Task goal:
If a line in the listing below contains "proof", return that line.

Data supplied:
lemma R6_term_ratio: "R6 (Suc n) 0 * rho6 n 0 = R6 n 0 * q6 n"
proof -
  have "0 < 30 * real n ^ 2 + 45 * real n + 16"
    by (intro add_nonneg_pos add_nonneg_nonneg mult_nonneg_nonneg) simp_all
  moreover have "0 < 2 * real n + 5/3" "0 < 2 * real n + 8/3" "0 < real n + 7/3" "0 < real n + 1/2"
    "0 < 2 * real n + 1" "0 < 2 * real n + 3" "0 < 12 * real n + 10" "0 < 12 * real n + 22"
    "0 < real n + 4/3" "0 < real n + 3/2" "0 < real n + 11/6"
    by (simp_all add: add_pos_nonneg)
  ultimately show ?thesis unfolding rho6_def R6_def q6_def by (simp add: divide_simps) algebra
qed

lemma T6_sums: "T6 sums (80 * (1/2 - sqrt 3 * pi / 18))"
proof (rule sums_by_equal_term_ratios)
  show "(\<lambda>n. R6 n 0 * F6 n 0) sums (1/2 - sqrt 3 * pi / 18)"
    by (rule wz_sums_by_certificate[OF S1_sums S1_term_nonneg F6_0 F6_rho F6_sig R6_certificate
          F6_bound F6_bound_LIMSEQ R6_S1_term_LIMSEQ])
  show "T6 0 = 80 * (R6 0 0 * F6 0 0)" by (simp add: T6_def R6_def F6_def C6_def)
  show "T6 (Suc n) = T6 n * q6 n" for n by (rule T6_Suc)
  show "R6 (Suc n) 0 * F6 (Suc n) 0 = R6 n 0 * F6 n 0 * q6 n" for n
    using R6_term_ratio[of n] by (simp add: F6_rho)
qed

theorem proposition3p2:
  fixes S1 :: real
  defines "S1 \<equiv> 1/2 - sqrt 3 * pi / 18"
  shows "((\<lambda>k::nat. 1 / ((3 * real k + 2) * (3 * real k + 4))) sums S1) \<and>
     ((\<lambda>n::nat. 1 / ((3 * real n + 1) * (3 * real n + 4) * real ((2*n+2) choose (n+1))))
           sums (2/3 * S1)) \<and>
     ((\<lambda>n::nat. (27 * real n ^ 2 + 51 * real n + 23) * pochhammer (2/3) n
           / ((3 * real n + 1) * (3 * real n + 4) * (real n + 1) * pochhammer (11/6) n)
           * (1 / 4 ^ n)) sums (30 * S1)) \<and>
     ((\<lambda>n::nat. (189 * real n ^ 3 + 495 * real n ^ 2 + 414 * real n + 110)
           / ((6 * real n + 1) * (6 * real n + 7) * (6 * real n + 5) * (2 * real n + 1))
           * (1 / real ((6*n) choose (3*n)))) sums (16 * S1)) \<and>
     ((\<lambda>n::nat. (270 * real n ^ 3 + 720 * real n ^ 2 + 633 * real n + 185)
           / ((real n + 1) * (6 * real n + 7))
           * (pochhammer (2/3) n ^ 2 / (pochhammer (4/3) n * pochhammer (11/6) n))
           * (1 / (-4) ^ n)) sums (120 * S1)) \<and>
     ((\<lambda>n::nat. (30 * real n ^ 2 + 45 * real n + 16)
           * (pochhammer (1/6) n * pochhammer (2/3) n ^ 2 * pochhammer 1 n
              / (pochhammer (4/3) n * pochhammer (7/3) n * pochhammer (3/2) n * pochhammer (11/6) n))
           * (1 / (-4) ^ n)) sums (80 * S1))"
  unfolding S1_def
  using S1_sums T2_sums T3_sums T4_sums T5_sums T6_sums
  unfolding S1_term_def[abs_def] T2_def[abs_def] T3_def[abs_def] T4_def[abs_def] T5_def[abs_def]
    T6_def[abs_def]
  by (intro conjI)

Response to this exercise:
proof -
proof (rule sums_by_equal_term_ratios)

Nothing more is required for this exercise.